RYA protests over eBorders for sailors
by Louise Nicholls on 21 Dec 2011
UK Border Control - cartoon by Jeffrey Hill**(see end of article) SW
Every year, more than 200 million passengers cross the UK border. To help secure the border, the UK Border Agency use an electronic system called e-Borders to carry out checks on travellers before they begin their journey. Now it is planned that this system be extended to cover recreational sailors. However, the Royal Yachting Association (RYA) is protesting at the change, as Louise Nicholls, RYA Communications Manager, writes:
The RYA is disappointed to learn that Government still intends to progress with its original plans to introduce the proposed e-Borders programme into the recreational boating sector in 2014.

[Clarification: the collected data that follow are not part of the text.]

lemma facet_meets_support_of_linear_form:
  fixes lam :: "nat \<Rightarrow> int ^ 'n::finite"
  assumes "characteristic_matrix m K lam" "simplicial_complex_on m K"
    and ij: "i \<in> {1..m}" "j \<in> {1..m}" "i \<noteq> j"
    and nonzero: "Const a\<^sub>i * Var i + Const a\<^sub>j * Var j \<noteq> 0"
    and member: "Const a\<^sub>i * Var i + Const a\<^sub>j * Var j \<in> ideal_J m lam"
    and F: "F \<in> K" "card F = CARD('n)"
  shows "F \<inter> {i, j} \<noteq> {}"
proof
  assume avoids: "F \<inter> {i, j} = {}"
  obtain c :: "'n \<Rightarrow> int" where c: "\<And>l. l \<in> {1..m} \<Longrightarrow>
      Poly_Mapping.lookup (Const a\<^sub>i * Var i + Const a\<^sub>j * Var j) (Poly_Mapping.single l 1) =
      (\<Sum>k\<in>UNIV. c k * lam l $ k)"
    using ideal_J_linear_coeffs[OF member] by blast
  have pairing: "(\<Sum>k\<in>UNIV. c k * lam l $ k) = (if i = l then a\<^sub>i else 0) + (if j = l then a\<^sub>j else 0)"
    if "l \<in> {1..m}" for l
    using c[OF that] unfolding lookup_add coeff_Const_Var by simp
  have "F \<subseteq> {1..m}" using assms(2) F(1) by (auto simp: simplicial_complex_on_def)
  then have "(\<Sum>k\<in>UNIV. c k * lam l $ k) = 0" if "l \<in> F" for l
    using pairing[of l] that avoids by auto
  then have vanishes: "(\<Sum>k\<in>UNIV. c k * z $ k) = 0" for z
    by (rule characteristic_matrix_functional_vanishes[OF assms(1) F])
  have "a\<^sub>i = 0" using vanishes[of "lam i"] pairing[OF ij(1)] ij(3) by simp
  moreover have "a\<^sub>j = 0" using vanishes[of "lam j"] pairing[OF ij(2)] ij(3) by simp
  ultimately show False using nonzero by (simp add: Const_def)
qed

theorem mainTheorem14:
  fixes m :: nat and K :: "nat set set" and lam :: "nat \<Rightarrow> int ^ 'n"
  assumes "flag_complex m K"
    and "starshaped_sphere TYPE('n) m K"
    and "characteristic_matrix m K lam"
    and "\<exists>i j a\<^sub>i a\<^sub>j. i \<in> {1..m} \<and> j \<in> {1..m} \<and> i \<noteq> j \<and>
           Const a\<^sub>i * Var i + Const a\<^sub>j * Var j \<noteq> 0 \<and>
           Const a\<^sub>i * Var i + Const a\<^sub>j * Var j \<in> ideal_J m lam"
  shows "is_suspension m K"
proof -
  obtain i j a\<^sub>i a\<^sub>j where ij: "i \<in> {1..m}" "j \<in> {1..m}" "i \<noteq> j"
    and form: "Const a\<^sub>i * Var i + Const a\<^sub>j * Var j \<noteq> 0"
      "Const a\<^sub>i * Var i + Const a\<^sub>j * Var j \<in> ideal_J m lam"
    using assms(4) by blast
  obtain v :: "nat \<Rightarrow> real ^ 'n" where "simplicial_complex_on m K" "complete_simplicial_fan m K v"
    using assms(2) by (auto simp: starshaped_sphere_def)
  then interpret complete_fan m K v by unfold_locales
  interpret flag_closed_pseudomanifold m K "CARD('n)"
  proof
    show "flag_complex m K" by (fact assms(1))
    show "card \<sigma> \<le> CARD('n)" if "\<sigma> \<in> K" for \<sigma> using that by (rule card_face_le)
    show "\<exists>F\<in>K. \<sigma> \<subseteq> F \<and> card F = CARD('n)" if "\<sigma> \<in> K" for \<sigma>
      using face_in_facet[OF that] by blast
    show "\<exists>y. y \<notin> F \<and> insert y (F - {x}) \<in> K" if "F \<in> K" "x \<in> F" for F x
      using face_flip[OF that] by blast
  qed
  show ?thesis
    using is_suspension_if_facets_meet_pair[OF ij]
      facet_meets_support_of_linear_form[OF assms(3) complex ij form] by blast
qed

Gus Lewis Head of Government Affairs 'It’s disappointing that despite the inherent flaws in the proposed programme, which we have been pointing out to Government regularly over the last three years, it apparently still intends to implement the proposed programme without any attempt to address these flaws.

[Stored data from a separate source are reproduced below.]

lemma cond_ent_pistar_eq: "cond_ent_pistar \<tau> r sel t = 1 - pmf (blind_proc t) None"
proof -
  define w where "w = pmf (blind_proc t) None"
  define J where "J = bind_pmf prior (\<lambda>v. map_pmf (\<lambda>z. (v, if z = None then Some v else None)) (blind_proc t))"
  have J: "map_pmf (\<lambda>(v, ob, p). (v, p)) (proc \<tau> sel t) = J"
    unfolding J_def by (rule map_proc_through_blind_view) (auto simp: consistent_def blind_view_def)
  have "map_pmf (\<lambda>(v, ob, p). (pistar \<tau> r v, p)) (proc \<tau> sel t) = map_pmf (\<lambda>(v, p). (pistar \<tau> r v, p)) J"
    "map_pmf (\<lambda>(v, ob, p). p) (proc \<tau> sel t) = map_pmf snd J"
    unfolding J[symmetric] map_pmf_comp by (auto intro: map_pmf_cong)
  moreover have "inj_on (\<lambda>(v, p). (pistar \<tau> r v, p)) (set_pmf J)"
    using pistar_0_ne_pistar_1 unfolding J_def by (auto simp: inj_on_def)
  ultimately have "cond_ent_pistar \<tau> r sel t = entropy2 J - entropy2 (map_pmf snd J)"
    unfolding cond_ent_pistar_def by (simp add: entropy2_map_inj)
  also have "\<dots> = 1 - w"
  proof (rule entropy2_erasure_channel(2))
    show "set_pmf J \<subseteq> {(0, None), (1, None), (0, Some 0), (1, Some 1)}"
      unfolding J_def by (auto split: if_splits)
    have pJ: "pmf J (v, y) = (if y = Some v then w else if y = None then 1 - w else 0) / 2"
      if "v \<in> {0, 1}" for v y
      using that unfolding J_def pmf_bind_prior pmf_pair_const_fst pmf_map_if_None w_def by auto
    show "pmf J (0, None) = (1 - w) / 2" "pmf J (1, None) = (1 - w) / 2"
      "pmf J (0, Some 0) = w / 2" "pmf J (1, Some 1) = w / 2"
      using pJ[of 0 None] pJ[of 1 None] pJ[of 0 "Some 0"] pJ[of 1 "Some 1"] by simp_all
  qed auto
  finally show ?thesis unfolding w_def .
qed

lemma sq_exp_regret_le_info_gain:
  "(exp_regret \<tau> r sel t)\<^sup>2 \<le> (cond_ent_pistar \<tau> r sel t - cond_ent_pistar \<tau> r sel (t + \<tau>)) / 8"
  using sq_expected_blind_regret_le[of t]
  by (simp add: exp_regret_eq_expectation_blind cond_ent_pistar_eq)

'The Government has yet to publish a comprehensive explanation of how the e-Borders scheme will in practice be rolled out in the recreational boating sector but we understand that it will be based on a system of self-reporting voyages to and from the UK via a dedicated website up to 24 hours prior to departure.'
The RYA continues to maintain that implementing the e-Borders programme in the recreational boating sector would be an inappropriate, disproportionate, ineffective and inefficient mechanism for securing the sea border.
The RYA has serious concerns that the e-Borders reporting methodology is simply not designed to accommodate the unscheduled activities of the recreational boating sector. In the absence of a carrier ticketing system, a passport ‘control line’ and attendant law enforcement assets, a system that relies on self-reporting by the law abiding majority is unlikely to present any meaningful challenge to those intent on avoiding detection at the border and the rationale for applying e-Borders controls across the geographic sea border is thus flawed.

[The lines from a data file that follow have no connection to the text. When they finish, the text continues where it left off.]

(* Let $G$ be a graph, let $G'$ be a 2-connected bipartite subgraph of $G$, and let $B$ be a 2-connected subgraph of $G$ that contains $G'$ as a subgraph. If $B$ is not bipartite, then $B$ contains a bad path for $G'$.
   Context: Since $G'$ is connected and bipartite, its bipartition into two parts is unique. A path $P_{uv}$ in $G$ with endpoints $u,v$ is a bad path for $G'$ if $u,v\in V(G')$, all other vertices of $P_{uv}$ lie in $V(G)\setminus V(G')$, and at least one of the following holds: (a) $u,v$ are in the same part of $G'$ and $P_{uv}$ has odd length (number of edges); (b) $u,v$ are in different parts of $G'$ and $P_{uv}$ has even length. *)

theory Defs
  imports Main
begin

type_synonym 'a graph = "'a set \<times> 'a set set"

definition verts :: "'a graph \<Rightarrow> 'a set" where "verts G = fst G"
definition edges :: "'a graph \<Rightarrow> 'a set set" where "edges G = snd G"

definition is_graph :: "'a graph \<Rightarrow> bool" where
  "is_graph G \<longleftrightarrow> finite (verts G) \<and>
     (\<forall>e\<in>edges G. \<exists>u v. u \<noteq> v \<and> e = {u, v} \<and> u \<in> verts G \<and> v \<in> verts G)"

definition subgraph :: "'a graph \<Rightarrow> 'a graph \<Rightarrow> bool" where
  "subgraph H G \<longleftrightarrow> is_graph H \<and> is_graph G \<and> verts H \<subseteq> verts G \<and> edges H \<subseteq> edges G"

text \<open>A path in G, given as its (nonempty, distinct) vertex sequence; its length is the
  number of edges, i.e. length xs - 1.\<close>
definition is_path :: "'a graph \<Rightarrow> 'a list \<Rightarrow> bool" where
  "is_path G xs \<longleftrightarrow> xs \<noteq> [] \<and> distinct xs \<and> set xs \<subseteq> verts G \<and>
     (\<forall>i. Suc i < length xs \<longrightarrow> {xs ! i, xs ! Suc i} \<in> edges G)"

definition connected_graph :: "'a graph \<Rightarrow> bool" where
  "connected_graph G \<longleftrightarrow> verts G \<noteq> {} \<and>
     (\<forall>u\<in>verts G. \<forall>v\<in>verts G. \<exists>xs. is_path G xs \<and> hd xs = u \<and> last xs = v)"

definition delete_vertex :: "'a graph \<Rightarrow> 'a \<Rightarrow> 'a graph" where
  "delete_vertex G x = (verts G - {x}, {e\<in>edges G. x \<notin> e})"

definition two_connected :: "'a graph \<Rightarrow> bool" where
  "two_connected G \<longleftrightarrow> is_graph G \<and> card (verts G) \<ge> 3 \<and> connected_graph G \<and>
     (\<forall>x\<in>verts G. connected_graph (delete_vertex G x))"

definition proper_2col :: "'a graph \<Rightarrow> ('a \<Rightarrow> bool) \<Rightarrow> bool" where
  "proper_2col G c \<longleftrightarrow> (\<forall>u v. {u, v} \<in> edges G \<longrightarrow> c u \<noteq> c v)"

definition bipartite :: "'a graph \<Rightarrow> bool" where
  "bipartite G \<longleftrightarrow> (\<exists>c. proper_2col G c)"

text \<open>u and v lie in the same part of the (unique, for connected G') bipartition of G'.\<close>
definition same_part :: "'a graph \<Rightarrow> 'a \<Rightarrow> 'a \<Rightarrow> bool" where
  "same_part G' u v \<longleftrightarrow> (\<forall>c. proper_2col G' c \<longrightarrow> c u = c v)"

definition bad_path :: "'a graph \<Rightarrow> 'a list \<Rightarrow> bool" where
  "bad_path G' xs \<longleftrightarrow> xs \<noteq> [] \<and> hd xs \<in> verts G' \<and> last xs \<in> verts G' \<and>
     (\<forall>i. 0 < i \<and> Suc i < length xs \<longrightarrow> xs ! i \<notin> verts G') \<and>
     ((same_part G' (hd xs) (last xs) \<and> odd (length xs - 1)) \<or>
      (\<not> same_part G' (hd xs) (last xs) \<and> even (length xs - 1)))"

end

theory Submission
  imports Defs
begin

text \<open>Suppose B has no bad path and let c be a proper 2-colouring of G'. For a vertex set W,
  call a path of B a W-path if its ends lie in W and its inner vertices do not, and call a
  colouring parity-consistent on W if every W-path has even length exactly when its ends get
  the same colour. Having no bad path means that c is parity-consistent on V(G').
  As long as W \<noteq> V(B), 2-connectivity of B yields a W-path P through a vertex outside W.
  Colouring P alternately keeps parity-consistency on W \<union> V(P): a (W \<union> V(P))-path with an
  end inside P, spliced with the segments of P beyond its ends, becomes a W-path, and the
  alternately coloured segments contribute nothing to the parity balance. Once W = V(B), every edge is a
  W-path, so the colouring is proper and B is bipartite.\<close>

lemma is_path_iff_successively:
  "is_path G xs \<longleftrightarrow> xs \<noteq> [] \<and> distinct xs \<and> set xs \<subseteq> verts G \<and>
     successively (\<lambda>u v. {u, v} \<in> edges G) xs"
  by (simp add: is_path_def successively_conv_nth)

lemma is_path_rev: "is_path G (rev xs) \<longleftrightarrow> is_path G xs"
  by (auto simp: is_path_iff_successively insert_commute)

lemma is_path_split:
  "is_path G (xs @ v # ys) \<longleftrightarrow>
     is_path G (xs @ [v]) \<and> is_path G (v # ys) \<and> set xs \<inter> set (v # ys) = {}"
  by (auto simp: is_path_iff_successively successively_append_iff successively_Cons)

lemma is_path_delete_vertex:
  "is_path (delete_vertex G u) xs \<Longrightarrow> is_path G xs \<and> u \<notin> set xs"
  unfolding is_path_def delete_vertex_def verts_def edges_def by auto

lemma edge_endpoints:
  assumes "is_graph G" "{u, v} \<in> edges G"
  shows "u \<noteq> v" "u \<in> verts G" "v \<in> verts G"
  using assms unfolding is_graph_def by (metis doubleton_eq_iff)+

lemma connected_path_to_set:
  assumes "connected_graph G" "y \<in> verts G" "w \<in> W \<inter> verts G"
  obtains ys v where "is_path G (ys @ [v])" "hd (ys @ [v]) = y" "v \<in> W" "set ys \<inter> W = {}"
proof -
  obtain xs where xs: "is_path G xs" "hd xs = y" "last xs = w"
    using assms unfolding connected_graph_def by blast
  have "xs \<noteq> []"
    using xs(1) by (simp add: is_path_def)
  then have "w \<in> set xs"
    using xs(3) by auto
  then obtain ys v zs where split: "xs = ys @ v # zs" "v \<in> W" "\<forall>x\<in>set ys. x \<notin> W"
    using split_list_first_prop[of xs "\<lambda>x. x \<in> W"] assms(3) by blast
  have "is_path G (ys @ [v])"
    using xs(1) split(1) is_path_split by metis
  moreover have "hd (ys @ [v]) = y"
    using xs(2) split(1) by (cases ys) simp_all
  ultimately show ?thesis
    using that split by blast
qed

lemma two_paths_join:
  assumes xs: "is_path G xs" and ys: "is_path G ys" and "hd xs = hd ys" "last xs \<notin> set ys"
  obtains zs z where "is_path G zs" "hd zs = last xs" "last zs = last ys"
    "set zs \<subseteq> set xs \<union> set ys" "z \<in> set zs" "z \<in> set xs" "z \<noteq> last xs"
proof -
  have "xs \<noteq> []" "ys \<noteq> []"
    using xs ys by (simp_all add: is_path_def)
  then have "hd ys \<in> set xs" "hd ys \<in> set ys"
    using \<open>hd xs = hd ys\<close> by (metis hd_in_set)+
  \<comment> \<open>z is the last vertex of ys on xs: run back along xs from its end to z, then along ys.\<close>
  then obtain q1 z q2 where ys_split: "ys = q1 @ z # q2" "z \<in> set xs" "\<forall>x\<in>set q2. x \<notin> set xs"
    using split_list_last_prop[of ys "\<lambda>x. x \<in> set xs"] by blast
  obtain p1 p2 where xs_split: "xs = p1 @ z # p2"
    using ys_split(2) split_list by metis
  have "z \<noteq> last xs"
    using assms(4) ys_split(1) by auto
  then have "p2 \<noteq> []"
    using xs_split by auto
  have path1: "is_path G (z # p2)"
    using xs is_path_split[of G p1 z p2] unfolding xs_split by blast
  have path2: "is_path G (z # q2)"
    using ys is_path_split[of G q1 z q2] unfolding ys_split(1) by blast
  have "z \<notin> set p2"
    using path1 by (simp add: is_path_def)
  moreover have "set p2 \<subseteq> set xs" "set q2 \<subseteq> set ys"
    unfolding xs_split ys_split(1) by auto
  ultimately have "set (rev p2) \<inter> set (z # q2) = {}"
    using ys_split(3) by auto
  moreover have "is_path G (rev p2 @ [z])"
    using path1 is_path_rev[of G "z # p2"] by (simp only: rev.simps)
  ultimately have "is_path G (rev p2 @ z # q2)"
    using path2 by (simp only: is_path_split[of G "rev p2" z q2] simp_thms)
  moreover have "hd (rev p2 @ z # q2) = last xs"
    using xs_split \<open>p2 \<noteq> []\<close> by (simp add: hd_rev)
  moreover have "last (rev p2 @ z # q2) = last ys"
    using ys_split(1) by (simp add: last_append)
  moreover have "set (rev p2 @ z # q2) \<subseteq> set xs \<union> set ys"
    using \<open>set p2 \<subseteq> set xs\<close> \<open>set q2 \<subseteq> set ys\<close> ys_split(2) by auto
  moreover have "z \<in> set (rev p2 @ z # q2)"
    by simp
  ultimately show ?thesis
    using ys_split(2) \<open>z \<noteq> last xs\<close> by (rule that)
qed

definition is_W_path :: "'a graph \<Rightarrow> 'a set \<Rightarrow> 'a list \<Rightarrow> bool" where
  "is_W_path G W xs \<longleftrightarrow>
     is_path G xs \<and> hd xs \<in> W \<and> last xs \<in> W \<and> set xs \<inter> W \<subseteq> {hd xs, last xs}"

lemma ear_exists:
  assumes "two_connected G" "W \<subseteq> verts G" "a \<in> W" "b \<in> W" "a \<noteq> b" "y \<in> verts G - W"
  obtains P where "is_W_path G W P" "\<not> set P \<subseteq> W"
proof -
  have conn: "connected_graph G" "\<And>x. x \<in> verts G \<Longrightarrow> connected_graph (delete_vertex G x)"
    using assms(1) by (auto simp: two_connected_def)
  obtain ys u where P1: "is_path G (ys @ [u])" "hd (ys @ [u]) = y" "u \<in> W" "set ys \<inter> W = {}"
    using connected_path_to_set[OF conn(1)] assms by (metis Diff_iff IntI subsetD)
  obtain w where w: "w \<in> W" "w \<noteq> u"
    using assms(3-5) by blast
  have "u \<in> verts G"
    using assms(2) P1(3) by blast
  moreover have "y \<in> verts (delete_vertex G u)" "w \<in> W \<inter> verts (delete_vertex G u)"
    using assms(2,6) P1(3) w by (auto simp: delete_vertex_def verts_def)
  ultimately obtain zs v where P2_del: "is_path (delete_vertex G u) (zs @ [v])" and
    P2: "hd (zs @ [v]) = y" "v \<in> W" "set zs \<inter> W = {}"
    by (rule connected_path_to_set[OF conn(2)])
  have "is_path G (zs @ [v])" "last (ys @ [u]) \<notin> set (zs @ [v])"
    using is_path_delete_vertex[OF P2_del] by auto
  then obtain R z where R: "is_path G R" "hd R = u" "last R = v"
    "set R \<subseteq> set (ys @ [u]) \<union> set (zs @ [v])" "z \<in> set R" "z \<in> set (ys @ [u])" "z \<noteq> u"
    using two_paths_join[OF P1(1)] P1(2) P2(1) by (metis last_snoc)
  then have "is_W_path G W R"
    using P1(3,4) P2(2,3) by (auto simp: is_W_path_def)
  moreover have "z \<notin> W"
    using R(6,7) P1(4) by auto
  ultimately show ?thesis
    using that R(5) by blast
qed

As such, the extension of the programme as we understand it to the recreational boating sector would, at significant cost to the taxpayer, fail to enhance detection at the border as intended and would not deliver value for money.
In 2009 the Home Affairs Select Committee’s report of its investigation into the e-Borders programme, concluded that 'the e-Borders programme is therefore, as far as we can ascertain, likely to be illegal under the EU Treaty'.
The UK Government subsequently assured the EU Commission that it will not be made compulsory for travellers to provide their personal information and that travellers who have not provided the UK authorities with relevant personal information will not be denied the right to travel, thereby ensuring that the whole scheme does not fall foul of EU rules on the free movement of people within the EU. It remains unclear how the Government’s proposals to implement the e-Borders programme comply with these assurances
.
'If the e-Borders programme is to be implemented in the recreational boating sector then in our view the most appropriate, proportionate and cost-effective solution would be for only those persons who are not UK or EU citizens and who are on voyages outside the common travel area to be subject to a requirement to provide their details to the UKBA' concludes Gus Lewis.